== Segment start ==

(* Let $R$ be a rod set and $\mathsf T$ an expansion subtree of $\mathrm{Tree}(R)$. Let $Q=\langle\mathrm{Inner}(\mathsf T)\rangle$ and $S=\langle\mathrm{Leaves}(\mathsf T)\rangle$. Then for every $n>0$, $$D(n,R,S)=C(n,Q).$$
   Context: A rod is a triple $(r,c,\varepsilon)$ with $r$ a positive integer (length), $c$ a tag (color) and $\varepsilon\in\{\pm1\}$ (sign); rods of sign $-1$ are antirods. A rod set is a set of rods with finitely many rods of each length. A train built from $R$ is a finite sequence of rods of $R$ (including the empty train $\Lambda$); its length is the sum of lengths and its sign the product of signs. For a set $X$ of trains, $\langle X\rangle$ is the rod set containing, for each nonempty train $\tau\in X$, one rod whose length and sign are those of $\tau$. $C(n,R)$ is the number of positive rods of length $n$ in $R$ minus the number of antirods of length $n$. $F(n,R)$ is the number of positive trains of length $n$ built from $R$ minus the number of negative ones, with $F(0,R)=1$ and $F(n,R)=0$ for $n<0$. The discrepancy is $D(n,R,S)=F(n,R)-\sum_{k\in S}(\operatorname{sign}k)F(n-\operatorname{len}(k),R)$. $\mathrm{Tree}(R)$ is the rooted tree with nodes the trains built from $R$, root $\Lambda$, and children of $\tau$ the trains $\tau k$, $k\in R$ (one per rod of $R$). An expansion subtree $\mathsf T$ is a rooted subtree containing all children of the root, and containing all children of any node of which it contains at least one child. $\mathrm{Inner}(\mathsf T)$ is the set of non-root nodes with children in $\mathsf T$; $\mathrm{Leaves}(\mathsf T)$ the set of nodes of $\mathsf T$ with no children in $\mathsf T$. *)

theory Defs
  imports Main
begin

type_synonym 'c rod = "nat \<times> 'c \<times> int"

definition rlen :: "'c rod \<Rightarrow> nat" where "rlen k = fst k"
definition rcol :: "'c rod \<Rightarrow> 'c" where "rcol k = fst (snd k)"
definition rsgn :: "'c rod \<Rightarrow> int" where "rsgn k = snd (snd k)"

definition rod_set :: "'c rod set \<Rightarrow> bool" where
  "rod_set R \<longleftrightarrow> (\<forall>k\<in>R. rlen k > 0 \<and> (rsgn k = 1 \<or> rsgn k = -1))
                  \<and> (\<forall>n. finite {k\<in>R. rlen k = n})"

definition train_len :: "'c rod list \<Rightarrow> nat" where
  "train_len \<tau> = sum_list (map rlen \<tau>)"
definition train_sign :: "'c rod list \<Rightarrow> int" where
  "train_sign \<tau> = prod_list (map rsgn \<tau>)"

definition trains :: "'c rod set \<Rightarrow> 'c rod list set" where
  "trains R = {\<tau>. set \<tau> \<subseteq> R}"

definition rods_of :: "'c rod list set \<Rightarrow> ('c rod list) rod set" where
  "rods_of X = {(train_len \<tau>, \<tau>, train_sign \<tau>) | \<tau>. \<tau> \<in> X \<and> \<tau> \<noteq> []}"

definition Ccount :: "nat \<Rightarrow> 'c rod set \<Rightarrow> int" where
  "Ccount n R = int (card {k\<in>R. rlen k = n \<and> rsgn k = 1})
              - int (card {k\<in>R. rlen k = n \<and> rsgn k = -1})"

definition Fcount :: "int \<Rightarrow> 'c rod set \<Rightarrow> int" where
  "Fcount n R = (if n < 0 then 0 else if n = 0 then 1 else
     (\<Sum>\<tau>\<in>{\<tau>\<in>trains R. int (train_len \<tau>) = n}. train_sign \<tau>))"

text \<open>Discrepancy; terms with len k > n vanish since F is 0 at negative arguments.\<close>
definition Disc :: "int \<Rightarrow> 'c rod set \<Rightarrow> 'd rod set \<Rightarrow> int" where
  "Disc n R S = Fcount n R
     - (\<Sum>k\<in>{k\<in>S. int (rlen k) \<le> n}. rsgn k * Fcount (n - int (rlen k)) R)"

definition expansion_subtree :: "'c rod set \<Rightarrow> 'c rod list set \<Rightarrow> bool" where
  "expansion_subtree R T \<longleftrightarrow>
     T \<subseteq> trains R \<and> [] \<in> T
     \<and> (\<forall>\<tau> k. \<tau> @ [k] \<in> T \<longrightarrow> \<tau> \<in> T)
     \<and> (\<forall>k\<in>R. [k] \<in> T)
     \<and> (\<forall>\<tau>. (\<exists>k\<in>R. \<tau> @ [k] \<in> T) \<longrightarrow> (\<forall>k\<in>R. \<tau> @ [k] \<in> T))"

definition Inner :: "'c rod set \<Rightarrow> 'c rod list set \<Rightarrow> 'c rod list set" where
  "Inner R T = {\<tau>\<in>T. \<tau> \<noteq> [] \<and> (\<exists>k\<in>R. \<tau> @ [k] \<in> T)}"

definition Leaves :: "'c rod set \<Rightarrow> 'c rod list set \<Rightarrow> 'c rod list set" where
  "Leaves R T = {\<tau>\<in>T. \<not> (\<exists>k\<in>R. \<tau> @ [k] \<in> T)}"

end

theory Submission
  imports Defs
begin

text \<open>Walking down a nonempty train from the root, one either stays inside the expansion
subtree \<open>T\<close> (and then ends at an inner node or a leaf) or leaves it right after a leaf, because a
node with one child in \<open>T\<close> has all its children in \<open>T\<close>. Hence every nonempty train is either an
inner node or uniquely of the form \<open>l \<rho>\<close> with \<open>l\<close> a nonempty leaf and \<open>\<rho>\<close> an arbitrary train.
Summing signs over the trains of length \<open>n\<close> gives
\<open>F(n,R) = C(n,Q) + \<Sum>\<^sub>l sign(l) F(n - len l, R)\<close>, which is the claim.\<close>

lemma train_len_Nil [simp]: "train_len [] = 0"
  and train_len_Cons [simp]: "train_len (k # \<tau>) = rlen k + train_len \<tau>"
  and train_len_append [simp]: "train_len (\<sigma> @ \<tau>) = train_len \<sigma> + train_len \<tau>"
  by (simp_all add: train_len_def)

lemma train_sign_Nil [simp]: "train_sign [] = 1"
  and train_sign_Cons [simp]: "train_sign (k # \<tau>) = rsgn k * train_sign \<tau>"
  and train_sign_append [simp]: "train_sign (\<sigma> @ \<tau>) = train_sign \<sigma> * train_sign \<tau>"
  by (simp_all add: train_sign_def)

lemma Nil_in_trains [simp]: "[] \<in> trains R"
  and Cons_in_trains [simp]: "k # \<tau> \<in> trains R \<longleftrightarrow> k \<in> R \<and> \<tau> \<in> trains R"
  and append_in_trains [simp]: "\<sigma> @ \<tau> \<in> trains R \<longleftrightarrow> \<sigma> \<in> trains R \<and> \<tau> \<in> trains R"
  by (auto simp: trains_def)

lemma length_le_train_len: "rod_set R \<Longrightarrow> \<tau> \<in> trains R \<Longrightarrow> length \<tau> \<le> train_len \<tau>"
  by (induction \<tau>) (auto simp: rod_set_def Suc_le_eq)

lemma train_sign_cases: "rod_set R \<Longrightarrow> \<tau> \<in> trains R \<Longrightarrow> train_sign \<tau> = 1 \<or> train_sign \<tau> = -1"
  by (induction \<tau>) (auto simp: rod_set_def)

== Segment end ==

PROBLEM REQUIREMENTS: Print, without alteration, only the lines above between the one holding "R. int (train_len" and the one holding "Summing signs over", inclusive.

PROBLEM SOLUTION:
     (\<Sum>\<tau>\<in>{\<tau>\<in>trains R. int (train_len \<tau>) = n}. train_sign \<tau>))"

text \<open>Discrepancy; terms with len k > n vanish since F is 0 at negative arguments.\<close>
definition Disc :: "int \<Rightarrow> 'c rod set \<Rightarrow> 'd rod set \<Rightarrow> int" where
  "Disc n R S = Fcount n R
     - (\<Sum>k\<in>{k\<in>S. int (rlen k) \<le> n}. rsgn k * Fcount (n - int (rlen k)) R)"

definition expansion_subtree :: "'c rod set \<Rightarrow> 'c rod list set \<Rightarrow> bool" where
  "expansion_subtree R T \<longleftrightarrow>
     T \<subseteq> trains R \<and> [] \<in> T
     \<and> (\<forall>\<tau> k. \<tau> @ [k] \<in> T \<longrightarrow> \<tau> \<in> T)
     \<and> (\<forall>k\<in>R. [k] \<in> T)
     \<and> (\<forall>\<tau>. (\<exists>k\<in>R. \<tau> @ [k] \<in> T) \<longrightarrow> (\<forall>k\<in>R. \<tau> @ [k] \<in> T))"

definition Inner :: "'c rod set \<Rightarrow> 'c rod list set \<Rightarrow> 'c rod list set" where
  "Inner R T = {\<tau>\<in>T. \<tau> \<noteq> [] \<and> (\<exists>k\<in>R. \<tau> @ [k] \<in> T)}"

definition Leaves :: "'c rod set \<Rightarrow> 'c rod list set \<Rightarrow> 'c rod list set" where
  "Leaves R T = {\<tau>\<in>T. \<not> (\<exists>k\<in>R. \<tau> @ [k] \<in> T)}"

end

theory Submission
  imports Defs
begin

text \<open>Walking down a nonempty train from the root, one either stays inside the expansion
subtree \<open>T\<close> (and then ends at an inner node or a leaf) or leaves it right after a leaf, because a
node with one child in \<open>T\<close> has all its children in \<open>T\<close>. Hence every nonempty train is either an
inner node or uniquely of the form \<open>l \<rho>\<close> with \<open>l\<close> a nonempty leaf and \<open>\<rho>\<close> an arbitrary train.
Summing signs over the trains of length \<open>n\<close> gives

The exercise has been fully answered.